# How do I become a better husband? [Her love language is gifts]



## Seppuku (Sep 22, 2010)

Hello!

I'm going to try to keep this short and sweet - I have a few problems in my marriage, but this thread isn't to talk about those. I have one question: how do I become a better husband (especially knowing that her love language is "gifts")?

The reason I ask is because whenever my wife and I have any kind of argument, it inevitably ends up with her lamenting how our relationship started (she chased me and I never had to _work_ for her love) and how she always loved me way more than I loved her.

I love my wife and I want to get better at showing her. This isn't because I think it will fix anything in our relationship (maybe it will, maybe it won't), but I have realized for a long time now that I can only do my part to improve our relationship and do my best to address her concerns.

That said: I'm looking for concrete suggestions. I've asked my wife countless times, but she tends to speak in generalities and doesn't give specific examples (no matter how much I implore her to do so). I've read a lot of websites that give the basic suggestions (bring flowers, give small tokens of affection, make a big deal about birthdays, etc.) but is there more to it? I don't often have extra money or time (with good reason) but I want, just one time, for her to tell me that I'm a great husband.

Any takers?


----------



## Pinkas (Nov 15, 2012)

Seppuku said:


> Hello!
> 
> 
> 
> ...




Sometimes I would just want my husband to call or text me while I'm at work so I know he's thinking about me. I leave my house and if I don't text or call him, I won't have any communication from him until I get home. I will even have to stay late and if I don't text and tell him I'll be late, he'll never attempt to contact me - so just knowing there's someone thinking about me and someone that WANTS me to be with them means the world to me 


Sent from my iPhone using Tapatalk


----------



## Satya (Jun 22, 2012)

From thinking you're lucky to have her love without working for it to being utterly vague about what you can do to effectively remedy the situation, it sounds like she expects you to see that she IS the gift. 

Why are you arguing so much in the first place? What are you arguing about?


----------



## sokillme (Jun 10, 2016)

The key with gifts is to not expect anything, and give ones that are heartfelt. If she says she wants something is passing, make a note of that and get it for her. If she is having an issue with something get her a gift that fixes it. 

Finally and most importantly sometimes just get her gifts that say you love her. If there is something that reminds you of her when you see it, buy it, leave it somewhere where she will find it and write a note about why you bought it. 

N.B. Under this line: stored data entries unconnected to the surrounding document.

lemma central_hom_free_scalar: "central_hom free_scalar"
proof -
  have add: "free_scalar (x + y) = free_scalar x + free_scalar y" for x y
    unfolding free_scalar_def plus_free_alg.abs_eq free_alg.abs_eq_iff by (rule eqv.sym[OF eqv.sc_add])
  have mult: "free_scalar (x * y) = free_scalar x * free_scalar y" for x y
    unfolding free_scalar_def times_free_alg.abs_eq free_alg.abs_eq_iff by (rule eqv.sym[OF eqv.sc_mul])
  have central: "free_scalar k * a = a * free_scalar k" for k a
    unfolding free_scalar_def by transfer (rule eqv.sc_central)
  show ?thesis unfolding central_hom_def
    by (intro conjI allI add mult central) (simp_all add: free_scalar_def zero_free_alg_def one_free_alg_def)
qed

lemma eqv_empty_imp: "eqv {} a b \<Longrightarrow> eqv R a b"
  by (erule eqv_mono) simp

lift_definition in_rel_ideal :: "('x fexpr \<times> 'x fexpr) set \<Rightarrow> 'x free_alg \<Rightarrow> bool" is "\<lambda>R a. eqv R a (Sc 0)"
  by (meson eqv.sym eqv.trans eqv_empty_imp)

definition rel_ideal :: "('x fexpr \<times> 'x fexpr) set \<Rightarrow> 'x free_alg set" where "rel_ideal R = Collect (in_rel_ideal R)"

lemma eqv_of_abs_eq: "abs_free_alg a = abs_free_alg b \<Longrightarrow> eqv R a b"
  by (simp add: free_alg.abs_eq_iff eqv_empty_imp)

lemma in_rel_ideal_abs: "in_rel_ideal R (abs_free_alg a) \<longleftrightarrow> eqv R a (Sc 0)"
  by (simp add: in_rel_ideal.abs_eq)

lemma in_rel_ideal_add: "in_rel_ideal R x \<Longrightarrow> in_rel_ideal R y \<Longrightarrow> in_rel_ideal R (x + y)"
  by transfer (rule eqv.trans[OF eqv.add_cong eqv.add_zero])

lemma in_rel_ideal_uminus: "in_rel_ideal R x \<Longrightarrow> in_rel_ideal R (- x)"
proof (induction x rule: free_alg.abs_induct)
  case (1 a)
  have "abs_free_alg (Neg (Sc 0)) = (abs_free_alg (Sc 0) :: 'a free_alg)"
    by (simp add: uminus_free_alg.abs_eq[symmetric] zero_free_alg_def[symmetric])
  then have e: "eqv R (Neg (Sc 0)) (Sc 0)" by (rule eqv_of_abs_eq)
  from 1 have "eqv R a (Sc 0)" by (simp add: in_rel_ideal_abs)
  then have "eqv R (Neg a) (Sc 0)" by (rule eqv.trans[OF eqv.neg_cong e])
  then show ?case by (simp add: uminus_free_alg.abs_eq in_rel_ideal_abs)
qed

lemma in_rel_ideal_mult_left: "in_rel_ideal R x \<Longrightarrow> in_rel_ideal R (y * x)"
proof (induction x rule: free_alg.abs_induct)
  case (1 a)
  show ?case
  proof (induction y rule: free_alg.abs_induct)
    case (1 b)
    have "abs_free_alg (Mul b (Sc 0)) = (abs_free_alg (Sc 0) :: 'a free_alg)"
      by (simp add: times_free_alg.abs_eq[symmetric] zero_free_alg_def[symmetric])
    then have e: "eqv R (Mul b (Sc 0)) (Sc 0)" by (rule eqv_of_abs_eq)
    from \<open>in_rel_ideal R (abs_free_alg a)\<close> have "eqv R a (Sc 0)" by (simp add: in_rel_ideal_abs)
    then have "eqv R (Mul b a) (Sc 0)" by (rule eqv.trans[OF eqv.mul_cong[OF eqv.refl] e])
    then show ?case by (simp add: times_free_alg.abs_eq in_rel_ideal_abs)
  qed
qed

lemma in_rel_ideal_mult_right: "in_rel_ideal R x \<Longrightarrow> in_rel_ideal R (x * y)"
proof (induction x rule: free_alg.abs_induct)
  case (1 a)
  show ?case
  proof (induction y rule: free_alg.abs_induct)
    case (1 b)
    have "abs_free_alg (Mul (Sc 0) b) = (abs_free_alg (Sc 0) :: 'a free_alg)"
      by (simp add: times_free_alg.abs_eq[symmetric] zero_free_alg_def[symmetric])
    then have e: "eqv R (Mul (Sc 0) b) (Sc 0)" by (rule eqv_of_abs_eq)
    from \<open>in_rel_ideal R (abs_free_alg a)\<close> have "eqv R a (Sc 0)" by (simp add: in_rel_ideal_abs)
    then have "eqv R (Mul a b) (Sc 0)" by (rule eqv.trans[OF eqv.mul_cong[OF _ eqv.refl] e])
    then show ?case by (simp add: times_free_alg.abs_eq in_rel_ideal_abs)
  qed
qed

lemma two_sided_ideal_rel_ideal: "two_sided_ideal (rel_ideal R)"
  by unfold_locales (auto simp: rel_ideal_def zero_free_alg_def in_rel_ideal_abs eqv.refl in_rel_ideal_add in_rel_ideal_uminus in_rel_ideal_mult_left in_rel_ideal_mult_right)

lemma ideal_cong_abs_iff: "ideal_cong (rel_ideal R) (abs_free_alg a) (abs_free_alg b) \<longleftrightarrow> eqv R a b"
proof -
  have e1: "abs_free_alg a - abs_free_alg b = abs_free_alg (Add a (Neg b))"
    by (simp add: minus_free_alg.abs_eq)
  have "eqv R (Add a (Neg b)) (Sc 0) \<longleftrightarrow> eqv R a b"
  proof
    assume h: "eqv R (Add a (Neg b)) (Sc 0)"
    have "(abs_free_alg (Add (Add a (Neg b)) b) :: 'a free_alg) = abs_free_alg a + - abs_free_alg b + abs_free_alg b"
      by (simp only: plus_free_alg.abs_eq uminus_free_alg.abs_eq)
    then have "abs_free_alg a = (abs_free_alg (Add (Add a (Neg b)) b) :: 'a free_alg)" by simp
    then have "eqv R a (Add (Add a (Neg b)) b)" by (rule eqv_of_abs_eq)
    moreover have "eqv R (Add (Add a (Neg b)) b) (Add (Sc 0) b)"
      using h by (intro eqv.add_cong eqv.refl)
    moreover have "abs_free_alg (Add (Sc 0) b) = (abs_free_alg b :: 'a free_alg)"
      by (simp add: plus_free_alg.abs_eq[symmetric] zero_free_alg_def[symmetric])
    ultimately show "eqv R a b" using eqv_of_abs_eq eqv.trans by blast
  next
    assume h: "eqv R a b"
    have "eqv R (Add a (Neg b)) (Add b (Neg b))" using h by (intro eqv.add_cong eqv.refl)
    then show "eqv R (Add a (Neg b)) (Sc 0)" by (rule eqv.trans[OF _ eqv.add_neg])
  qed
  then show ?thesis unfolding ideal_cong_def rel_ideal_def using e1 by (simp add: in_rel_ideal_abs)
qed

text \<open>Representatives of quotient elements may involve arbitrary generators; \<open>restrict_alg Y\<close> removes
  those outside \<open>Y\<close>, as \<open>is_hom\<close> requires.\<close>

definition restrict_gen :: "'x set \<Rightarrow> 'x \<Rightarrow> 'x fexpr" where
  "restrict_gen Y g = (if g \<in> Y then Gen g else Sc 0)"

"Remember when we did such and such, I will always remember such and such about you", with the gift. 

Get it, you are trying to make that emotional connection with the gift, its not just a gift but a way to show her you get it, you get her and she is special to you.


----------



## SA2017 (Dec 27, 2016)

I adore your desire to become a better husband. this is great. I assume you guys already read the book the 4 languages. I love this book. 

do you know that most precious gifts are free? spend as much as possible time with her with no distractions. write her love notes/ letters, cook with/ for her. cuddle up with her and watch her favorite movies....etc.pp. 

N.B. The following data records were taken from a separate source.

(* Let $p>1$, $s\ge r\ge2$, let $Q$ be an $s$-vertex $r$-graph and let $H$ be an $n$-vertex $r$-graph ($n\ge s$) with $\lambda=\lambda^{(p)}(Q,H)$ and minimum $Q$-degree $\delta=\delta_Q(H)$. Let $\mathbf x$ be a principal $Q$-eigenvector of $H$. Then $$\Big(\frac{\lambda\,(\mathbf x_{\min})^{p-1}}{(s-1)!}\Big)^{p}\le\frac{s!\binom{n}{s-1}\delta^{p-1}}{n^{s-1}}-\Big(s!\tbinom{n}{s-1}\delta^{p-1}-\delta^{p}\Big)(\mathbf x_{\min})^{p(s-1)}.$$
   Context: An $r$-graph ($r\ge 2$) is a finite hypergraph all of whose edges have exactly $r$ vertices. For $I\subseteq V(H)$, $H[I]$ denotes the induced subhypergraph on $I$. For an $s$-vertex $r$-graph $Q$ and an $r$-graph $H$, $\mathcal N(Q,H)$ is the number of (not necessarily induced) subgraphs of $H$ isomorphic to $Q$. For an $n$-vertex $r$-graph $H$ with vertex set $[n]$ and $\mathbf x\in\mathbb R^n$, $P_{Q,H}(\mathbf x)=s!\sum_{\{i_1,\dots,i_s\}\in\binom{[n]}{s}}\mathcal N(Q,H[\{i_1,\dots,i_s\}])\,x_{i_1}\cdots x_{i_s}$, and for $p\ge1$, $\lambda^{(p)}(Q,H)=\max_{\|\mathbf x\|_p=1}P_{Q,H}(\mathbf x)$. A principal $Q$-eigenvector of $H$ is a nonnegative vector $\mathbf x$ with $\|\mathbf x\|_p=1$ and $P_{Q,H}(\mathbf x)=\lambda^{(p)}(Q,H)$; $\mathbf x_{\min}$ denotes its smallest entry. The $Q$-degree of a vertex $v$ is $d_{Q,H}(v)=\sum\mathcal N(Q,H[I])$, the sum over all $s$-subsets $I\subseteq V(H)$ containing $v$; $\delta_Q(H)$ is the minimum $Q$-degree over all vertices. *)

theory Defs
  imports Complex_Main
begin

text \<open>An r-graph is represented by its vertex set V and edge set E (a set of r-subsets of V).
  The host graph H has vertex set {..<n}; the pattern Q has vertex set {..<s}.\<close>

definition is_rgraph :: "nat \<Rightarrow> 'a set \<Rightarrow> 'a set set \<Rightarrow> bool" where
  "is_rgraph r V E \<longleftrightarrow> finite V \<and> (\<forall>e\<in>E. e \<subseteq> V \<and> card e = r)"

definition induced_edges :: "'a set set \<Rightarrow> 'a set \<Rightarrow> 'a set set" where
  "induced_edges E I = {e \<in> E. e \<subseteq> I}"

text \<open>Number of (not necessarily induced) subgraphs (V',E') of the hypergraph (V,E)
  isomorphic to the s-vertex r-graph Q = ({..<s}, EQ).\<close>
definition num_copies :: "nat \<Rightarrow> nat set set \<Rightarrow> 'a set \<Rightarrow> 'a set set \<Rightarrow> nat" where
  "num_copies s EQ V E = card {(V', E'). V' \<subseteq> V \<and> E' \<subseteq> E \<and> (\<forall>e\<in>E'. e \<subseteq> V') \<and>
      (\<exists>f. bij_betw f {..<s} V' \<and> E' = (\<lambda>e. f ` e) ` EQ)}"

definition Qpoly :: "nat \<Rightarrow> nat set set \<Rightarrow> nat \<Rightarrow> nat set set \<Rightarrow> (nat \<Rightarrow> real) \<Rightarrow> real" where
  "Qpoly s EQ n EH x = fact s * (\<Sum>I\<in>{I. I \<subseteq> {..<n} \<and> card I = s}.
      real (num_copies s EQ I (induced_edges EH I)) * (\<Prod>i\<in>I. x i))"

definition pnorm :: "real \<Rightarrow> nat \<Rightarrow> (nat \<Rightarrow> real) \<Rightarrow> real" where
  "pnorm p n x = (\<Sum>i<n. \<bar>x i\<bar> powr p) powr (1 / p)"

text \<open>The p-spectral radius \<lambda>^{(p)}(Q,H) (maximum over the unit p-sphere in R^n;
  entries of x outside {..<n} do not influence Qpoly).\<close>
definition Qlambda :: "real \<Rightarrow> nat \<Rightarrow> nat set set \<Rightarrow> nat \<Rightarrow> nat set set \<Rightarrow> real" where
  "Qlambda p s EQ n EH = (SUP x\<in>{x. pnorm p n x = 1}. Qpoly s EQ n EH x)"

definition principal_Qeigvec :: "real \<Rightarrow> nat \<Rightarrow> nat set set \<Rightarrow> nat \<Rightarrow> nat set set \<Rightarrow> (nat \<Rightarrow> real) \<Rightarrow> bool" where
  "principal_Qeigvec p s EQ n EH x \<longleftrightarrow> (\<forall>i<n. 0 \<le> x i) \<and> pnorm p n x = 1 \<and>
      Qpoly s EQ n EH x = Qlambda p s EQ n EH"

other wise, I am strongly agree with sokillme's comment.


----------



## Seppuku (Sep 22, 2010)

Satya said:


> From thinking you're lucky to have her love without working for it to being utterly vague about what you can do to effectively remedy the situation, it sounds like she expects you to see that she IS the gift.
> 
> Why are you arguing so much in the first place? What are you arguing about?


That is a post for another thread, sadly. I wouldn't say we argue all that often, this is just what happens when we do.


----------



## Seppuku (Sep 22, 2010)

SA2017 said:


> I adore your desire to become a better husband. this is great. I assume you guys already read the book the 4 languages. I love this book.
> 
> do you know that most precious gifts are free? spend as much as possible time with her with no distractions. write her love notes/ letters, cook with/ for her. cuddle up with her and watch her favorite movies....etc.pp.
> 
> other wise, I am strongly agree with sokillme's comment.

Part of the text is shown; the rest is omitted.